**Problem requirements**
Below are entries; output exactly the lines from the one with "poly p (int" to the one with "fix q assume", both included, and nothing else.

**Records for the task**
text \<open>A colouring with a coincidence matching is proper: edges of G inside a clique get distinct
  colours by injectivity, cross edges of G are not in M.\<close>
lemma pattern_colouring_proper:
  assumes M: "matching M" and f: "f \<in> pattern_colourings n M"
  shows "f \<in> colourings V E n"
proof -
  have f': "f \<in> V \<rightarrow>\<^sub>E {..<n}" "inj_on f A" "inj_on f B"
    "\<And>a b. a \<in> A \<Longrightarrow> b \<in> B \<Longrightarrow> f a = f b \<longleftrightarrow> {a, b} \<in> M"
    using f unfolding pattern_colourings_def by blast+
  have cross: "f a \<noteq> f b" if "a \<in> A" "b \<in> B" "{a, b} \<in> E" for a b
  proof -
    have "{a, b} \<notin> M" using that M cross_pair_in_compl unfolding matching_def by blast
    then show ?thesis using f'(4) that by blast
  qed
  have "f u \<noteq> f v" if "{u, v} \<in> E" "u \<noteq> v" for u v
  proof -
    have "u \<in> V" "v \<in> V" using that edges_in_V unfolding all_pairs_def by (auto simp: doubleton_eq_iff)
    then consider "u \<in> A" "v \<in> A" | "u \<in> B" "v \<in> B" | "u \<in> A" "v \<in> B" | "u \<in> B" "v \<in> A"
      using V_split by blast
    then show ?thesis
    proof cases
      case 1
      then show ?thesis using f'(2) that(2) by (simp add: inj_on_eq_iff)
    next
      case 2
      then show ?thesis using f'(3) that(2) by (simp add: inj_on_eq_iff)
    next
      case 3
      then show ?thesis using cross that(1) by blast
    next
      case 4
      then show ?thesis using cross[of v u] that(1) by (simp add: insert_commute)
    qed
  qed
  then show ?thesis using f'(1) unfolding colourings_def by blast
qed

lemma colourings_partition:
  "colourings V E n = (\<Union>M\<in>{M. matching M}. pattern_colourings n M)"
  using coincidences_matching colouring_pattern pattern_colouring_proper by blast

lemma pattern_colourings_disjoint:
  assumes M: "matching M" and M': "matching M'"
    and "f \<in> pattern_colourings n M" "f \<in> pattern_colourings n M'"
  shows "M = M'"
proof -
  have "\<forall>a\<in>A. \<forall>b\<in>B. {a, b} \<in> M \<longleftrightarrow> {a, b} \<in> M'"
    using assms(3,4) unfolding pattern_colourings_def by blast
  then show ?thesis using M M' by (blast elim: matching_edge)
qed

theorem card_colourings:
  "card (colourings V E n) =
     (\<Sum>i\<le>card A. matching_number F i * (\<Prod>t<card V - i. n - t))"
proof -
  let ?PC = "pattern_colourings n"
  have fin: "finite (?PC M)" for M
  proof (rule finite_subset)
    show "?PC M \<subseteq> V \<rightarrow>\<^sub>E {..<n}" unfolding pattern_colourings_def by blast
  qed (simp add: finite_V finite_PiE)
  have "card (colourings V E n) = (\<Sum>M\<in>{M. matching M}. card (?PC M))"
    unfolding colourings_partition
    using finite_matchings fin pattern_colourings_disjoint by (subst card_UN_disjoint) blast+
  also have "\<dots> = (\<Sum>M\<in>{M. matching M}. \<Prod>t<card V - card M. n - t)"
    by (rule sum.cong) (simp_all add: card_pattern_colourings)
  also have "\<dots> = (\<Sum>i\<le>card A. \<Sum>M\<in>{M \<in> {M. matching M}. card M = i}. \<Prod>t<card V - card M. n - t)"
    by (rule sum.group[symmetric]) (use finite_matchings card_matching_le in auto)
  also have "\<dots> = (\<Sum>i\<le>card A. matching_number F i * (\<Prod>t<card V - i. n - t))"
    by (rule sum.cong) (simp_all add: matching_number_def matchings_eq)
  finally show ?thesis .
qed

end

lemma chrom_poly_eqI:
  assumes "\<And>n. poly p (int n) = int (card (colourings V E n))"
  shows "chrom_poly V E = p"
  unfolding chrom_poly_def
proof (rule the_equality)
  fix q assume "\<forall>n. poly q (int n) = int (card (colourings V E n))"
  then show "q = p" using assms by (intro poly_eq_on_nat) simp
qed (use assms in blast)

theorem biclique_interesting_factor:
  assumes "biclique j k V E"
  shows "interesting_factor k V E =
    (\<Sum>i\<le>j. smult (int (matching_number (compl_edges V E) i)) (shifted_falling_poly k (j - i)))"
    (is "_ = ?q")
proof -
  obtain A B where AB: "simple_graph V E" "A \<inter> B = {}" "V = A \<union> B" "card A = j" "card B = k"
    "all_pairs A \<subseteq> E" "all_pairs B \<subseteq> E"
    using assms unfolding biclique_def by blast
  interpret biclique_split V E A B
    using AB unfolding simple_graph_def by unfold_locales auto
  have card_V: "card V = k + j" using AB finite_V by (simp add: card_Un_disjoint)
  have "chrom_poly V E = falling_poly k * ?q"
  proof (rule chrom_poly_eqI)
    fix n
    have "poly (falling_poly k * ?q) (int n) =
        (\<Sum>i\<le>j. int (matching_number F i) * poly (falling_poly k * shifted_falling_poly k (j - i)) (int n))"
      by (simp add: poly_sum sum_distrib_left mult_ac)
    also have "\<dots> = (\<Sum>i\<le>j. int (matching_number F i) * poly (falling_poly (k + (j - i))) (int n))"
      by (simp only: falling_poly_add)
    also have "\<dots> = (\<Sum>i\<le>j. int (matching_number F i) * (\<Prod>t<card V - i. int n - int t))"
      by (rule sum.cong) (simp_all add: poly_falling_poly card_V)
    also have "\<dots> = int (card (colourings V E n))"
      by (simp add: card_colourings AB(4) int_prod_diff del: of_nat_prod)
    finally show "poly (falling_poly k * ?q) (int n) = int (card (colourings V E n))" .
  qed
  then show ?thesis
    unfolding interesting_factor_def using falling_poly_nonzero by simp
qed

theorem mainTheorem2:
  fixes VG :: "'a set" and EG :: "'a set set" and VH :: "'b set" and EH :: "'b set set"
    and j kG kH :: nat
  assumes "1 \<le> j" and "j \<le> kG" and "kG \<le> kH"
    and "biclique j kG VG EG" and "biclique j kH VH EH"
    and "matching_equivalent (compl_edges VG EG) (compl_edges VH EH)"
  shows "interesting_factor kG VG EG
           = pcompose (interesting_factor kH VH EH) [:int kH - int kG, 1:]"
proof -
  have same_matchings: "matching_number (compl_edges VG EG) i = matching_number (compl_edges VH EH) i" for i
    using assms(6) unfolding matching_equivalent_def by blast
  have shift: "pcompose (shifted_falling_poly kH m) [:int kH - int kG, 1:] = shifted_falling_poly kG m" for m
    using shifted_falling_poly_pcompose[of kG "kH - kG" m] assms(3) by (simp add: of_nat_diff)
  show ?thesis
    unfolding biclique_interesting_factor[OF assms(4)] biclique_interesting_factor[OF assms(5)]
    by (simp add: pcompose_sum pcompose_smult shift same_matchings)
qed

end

**Answer to the exercise**
  assumes "\<And>n. poly p (int n) = int (card (colourings V E n))"
  shows "chrom_poly V E = p"
  unfolding chrom_poly_def
proof (rule the_equality)
  fix q assume "\<forall>n. poly q (int n) = int (card (colourings V E n))"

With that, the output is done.